Records from a dataset:
---------------

lemma mixd_hk_mult_det_diag_sub:
  assumes M: "M \<in> carrier_mat m m" and k: "k \<le> m"
  shows "mixd m (\<lambda>z. hk m b k z * det (mat_diag m z - M)) (\<lambda>i. x / 2)
       = fact k * (\<Sum>S\<in>nsets {..<m} (m - k).
            (\<Prod>i\<in>{..<m} - S. b i) * principal_minor (\<lambda>i j. (x \<cdot>\<^sub>m 1\<^sub>m m - M) $$ (i, j)) S)"
proof -
  let ?F = "nsets {..<m} (m - k)"
  let ?c = "\<lambda>S. fact k * (\<Prod>i\<in>{..<m} - S. b i)"
  let ?N = "\<lambda>i j. - M $$ (i, j)"
  have finF: "finite ?F" by (simp add: finite_imp_finite_nsets)
  have "mixd m (\<lambda>z. hk m b k z * det (mat_diag m z - M)) (\<lambda>i. x / 2)
      = mixd m (monomial_sum (?F \<times> Pow {..<m}) (\<lambda>(S, A). ?c S * principal_minor ?N A)
                  (\<lambda>(S, A) i. of_bool (i \<in> S) + of_bool (i \<notin> A)) m) (\<lambda>i. x / 2)"
    unfolding hk_eq_monomial_sum[OF k] det_diag_sub_eq_monomial_sum[OF M]
    by (simp add: monomial_sum_mult finF)
  also have "\<dots> = (\<Sum>(S, A)\<in>?F \<times> Pow {..<m}. ?c S * principal_minor ?N A * (if A \<subseteq> S then x ^ card (S - A) else 0))"
    unfolding mixd_monomial_sum_diagonal[OF finite_cartesian_product[OF finF finite_Pow_iff[THEN iffD2, OF finite_lessThan]]]
    by (intro sum.cong refl) (auto simp only: mem_Sigma_iff Pow_iff nsets_def mem_Collect_eq case_prod_conv
        mixd_factor_diagonal)
  also have "\<dots> = (\<Sum>S\<in>?F. \<Sum>A\<in>Pow {..<m}. ?c S * principal_minor ?N A * (if A \<subseteq> S then x ^ card (S - A) else 0))"
    by (rule sum.cartesian_product[symmetric])
  also have "\<dots> = (\<Sum>S\<in>?F. ?c S * principal_minor (\<lambda>i j. (x \<cdot>\<^sub>m 1\<^sub>m m - M) $$ (i, j)) S)"
  proof (rule sum.cong[OF refl])
    fix S assume "S \<in> ?F"
    then have S: "S \<subseteq> {..<m}" by (auto simp: nsets_def)
    have "(\<Sum>A\<in>Pow {..<m}. ?c S * principal_minor ?N A * (if A \<subseteq> S then x ^ card (S - A) else 0))
        = ?c S * principal_minor (\<lambda>i j. (if i = j then x else 0) + ?N i j) S"
      by (simp add: mult.assoc sum_distrib_left[symmetric] sum_Pow_principal_minor_powers[OF S])
    also have "\<dots> = ?c S * principal_minor (\<lambda>i j. (x \<cdot>\<^sub>m 1\<^sub>m m - M) $$ (i, j)) S"
      using S M by (auto intro!: arg_cong[where f="(*) _"] principal_minor_cong simp: subset_iff)
    finally show "(\<Sum>A\<in>Pow {..<m}. ?c S * principal_minor ?N A * (if A \<subseteq> S then x ^ card (S - A) else 0))
        = ?c S * principal_minor (\<lambda>i j. (x \<cdot>\<^sub>m 1\<^sub>m m - M) $$ (i, j)) S" .
  qed
  finally show ?thesis by (simp add: sum_distrib_left mult.assoc)
qed

lemma det_schur_complement_lower_right:
  fixes P :: "'a :: idom mat"
  assumes P: "P \<in> carrier_mat a a" and Q: "Q \<in> carrier_mat a b" and R: "R \<in> carrier_mat b a"
    and S: "S \<in> carrier_mat b b" and Si: "Si \<in> carrier_mat b b" and SSi: "Si * S = 1\<^sub>m b"
  shows "det (four_block_mat P Q R S) = det (P - Q * Si * R) * det S"
proof -
  let ?L = "four_block_mat (1\<^sub>m a) (Q * Si) (0\<^sub>m b a) (1\<^sub>m b)"
  let ?R = "four_block_mat (P - Q * Si * R) (0\<^sub>m a b) R S"
  have QSi: "Q * Si \<in> carrier_mat a b" using Q Si by simp
  have QSiR: "Q * Si * R \<in> carrier_mat a a" using QSi R by simp
  have X: "P - Q * Si * R \<in> carrier_mat a a" by (rule minus_carrier_mat[OF QSiR])
  have "?L * ?R = four_block_mat (1\<^sub>m a * (P - Q * Si * R) + Q * Si * R) (1\<^sub>m a * 0\<^sub>m a b + Q * Si * S)
      (0\<^sub>m b a * (P - Q * Si * R) + 1\<^sub>m b * R) (0\<^sub>m b a * 0\<^sub>m a b + 1\<^sub>m b * S)"
    by (rule mult_four_block_mat[OF one_carrier_mat QSi zero_carrier_mat one_carrier_mat X zero_carrier_mat R S])
  also have "1\<^sub>m a * (P - Q * Si * R) + Q * Si * R = P"
    by (simp only: left_mult_one_mat[OF X] minus_add_cancel_mat[OF P QSiR])
  also have "1\<^sub>m a * 0\<^sub>m a b + Q * Si * S = Q"
    using Q Si S SSi by (simp add: assoc_mult_mat[OF Q Si S])
  also have "0\<^sub>m b a * (P - Q * Si * R) + 1\<^sub>m b * R = R" using R by (simp add: left_mult_zero_mat[OF X])
  also have "0\<^sub>m b a * 0\<^sub>m a b + 1\<^sub>m b * S = S" using S by simp
  finally have LR: "?L * ?R = four_block_mat P Q R S" .
  have "det (?L * ?R) = det ?L * det ?R"
    by (rule det_mult[of _ "a + b"]) (use QSi X R S in auto)
  also have "det ?L = 1"
    by (subst det_four_block_mat_lower_left_zero[of _ a _ b]) (use QSi in auto)
  also have "det ?R = det (P - Q * Si * R) * det S"
    by (rule det_four_block_mat_upper_right_zero[of _ a _ b]) (use X R S in auto)
  finally show ?thesis using LR by simp
qed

---------------

Goal of the exercise :: Your task is to repeat the data exactly, with nothing left out.

Exercise solution ::
lemma mixd_hk_mult_det_diag_sub:
  assumes M: "M \<in> carrier_mat m m" and k: "k \<le> m"
  shows "mixd m (\<lambda>z. hk m b k z * det (mat_diag m z - M)) (\<lambda>i. x / 2)
       = fact k * (\<Sum>S\<in>nsets {..<m} (m - k).
            (\<Prod>i\<in>{..<m} - S. b i) * principal_minor (\<lambda>i j. (x \<cdot>\<^sub>m 1\<^sub>m m - M) $$ (i, j)) S)"
proof -
  let ?F = "nsets {..<m} (m - k)"
  let ?c = "\<lambda>S. fact k * (\<Prod>i\<in>{..<m} - S. b i)"
  let ?N = "\<lambda>i j. - M $$ (i, j)"
  have finF: "finite ?F" by (simp add: finite_imp_finite_nsets)
  have "mixd m (\<lambda>z. hk m b k z * det (mat_diag m z - M)) (\<lambda>i. x / 2)
      = mixd m (monomial_sum (?F \<times> Pow {..<m}) (\<lambda>(S, A). ?c S * principal_minor ?N A)
                  (\<lambda>(S, A) i. of_bool (i \<in> S) + of_bool (i \<notin> A)) m) (\<lambda>i. x / 2)"
    unfolding hk_eq_monomial_sum[OF k] det_diag_sub_eq_monomial_sum[OF M]
    by (simp add: monomial_sum_mult finF)
  also have "\<dots> = (\<Sum>(S, A)\<in>?F \<times> Pow {..<m}. ?c S * principal_minor ?N A * (if A \<subseteq> S then x ^ card (S - A) else 0))"
    unfolding mixd_monomial_sum_diagonal[OF finite_cartesian_product[OF finF finite_Pow_iff[THEN iffD2, OF finite_lessThan]]]
    by (intro sum.cong refl) (auto simp only: mem_Sigma_iff Pow_iff nsets_def mem_Collect_eq case_prod_conv
        mixd_factor_diagonal)
  also have "\<dots> = (\<Sum>S\<in>?F. \<Sum>A\<in>Pow {..<m}. ?c S * principal_minor ?N A * (if A \<subseteq> S then x ^ card (S - A) else 0))"
    by (rule sum.cartesian_product[symmetric])
  also have "\<dots> = (\<Sum>S\<in>?F. ?c S * principal_minor (\<lambda>i j. (x \<cdot>\<^sub>m 1\<^sub>m m - M) $$ (i, j)) S)"
  proof (rule sum.cong[OF refl])
    fix S assume "S \<in> ?F"
    then have S: "S \<subseteq> {..<m}" by (auto simp: nsets_def)
    have "(\<Sum>A\<in>Pow {..<m}. ?c S * principal_minor ?N A * (if A \<subseteq> S then x ^ card (S - A) else 0))
        = ?c S * principal_minor (\<lambda>i j. (if i = j then x else 0) + ?N i j) S"
      by (simp add: mult.assoc sum_distrib_left[symmetric] sum_Pow_principal_minor_powers[OF S])
    also have "\<dots> = ?c S * principal_minor (\<lambda>i j. (x \<cdot>\<^sub>m 1\<^sub>m m - M) $$ (i, j)) S"
      using S M by (auto intro!: arg_cong[where f="(*) _"] principal_minor_cong simp: subset_iff)
    finally show "(\<Sum>A\<in>Pow {..<m}. ?c S * principal_minor ?N A * (if A \<subseteq> S then x ^ card (S - A) else 0))
        = ?c S * principal_minor (\<lambda>i j. (x \<cdot>\<^sub>m 1\<^sub>m m - M) $$ (i, j)) S" .
  qed
  finally show ?thesis by (simp add: sum_distrib_left mult.assoc)
qed

lemma det_schur_complement_lower_right:
  fixes P :: "'a :: idom mat"
  assumes P: "P \<in> carrier_mat a a" and Q: "Q \<in> carrier_mat a b" and R: "R \<in> carrier_mat b a"
    and S: "S \<in> carrier_mat b b" and Si: "Si \<in> carrier_mat b b" and SSi: "Si * S = 1\<^sub>m b"
  shows "det (four_block_mat P Q R S) = det (P - Q * Si * R) * det S"
proof -
  let ?L = "four_block_mat (1\<^sub>m a) (Q * Si) (0\<^sub>m b a) (1\<^sub>m b)"
  let ?R = "four_block_mat (P - Q * Si * R) (0\<^sub>m a b) R S"
  have QSi: "Q * Si \<in> carrier_mat a b" using Q Si by simp
  have QSiR: "Q * Si * R \<in> carrier_mat a a" using QSi R by simp
  have X: "P - Q * Si * R \<in> carrier_mat a a" by (rule minus_carrier_mat[OF QSiR])
  have "?L * ?R = four_block_mat (1\<^sub>m a * (P - Q * Si * R) + Q * Si * R) (1\<^sub>m a * 0\<^sub>m a b + Q * Si * S)
      (0\<^sub>m b a * (P - Q * Si * R) + 1\<^sub>m b * R) (0\<^sub>m b a * 0\<^sub>m a b + 1\<^sub>m b * S)"
    by (rule mult_four_block_mat[OF one_carrier_mat QSi zero_carrier_mat one_carrier_mat X zero_carrier_mat R S])
  also have "1\<^sub>m a * (P - Q * Si * R) + Q * Si * R = P"
    by (simp only: left_mult_one_mat[OF X] minus_add_cancel_mat[OF P QSiR])
  also have "1\<^sub>m a * 0\<^sub>m a b + Q * Si * S = Q"
    using Q Si S SSi by (simp add: assoc_mult_mat[OF Q Si S])
  also have "0\<^sub>m b a * (P - Q * Si * R) + 1\<^sub>m b * R = R" using R by (simp add: left_mult_zero_mat[OF X])
  also have "0\<^sub>m b a * 0\<^sub>m a b + 1\<^sub>m b * S = S" using S by simp
  finally have LR: "?L * ?R = four_block_mat P Q R S" .
  have "det (?L * ?R) = det ?L * det ?R"
    by (rule det_mult[of _ "a + b"]) (use QSi X R S in auto)
  also have "det ?L = 1"
    by (subst det_four_block_mat_lower_left_zero[of _ a _ b]) (use QSi in auto)
  also have "det ?R = det (P - Q * Si * R) * det S"
    by (rule det_four_block_mat_upper_right_zero[of _ a _ b]) (use X R S in auto)
  finally show ?thesis using LR by simp
qed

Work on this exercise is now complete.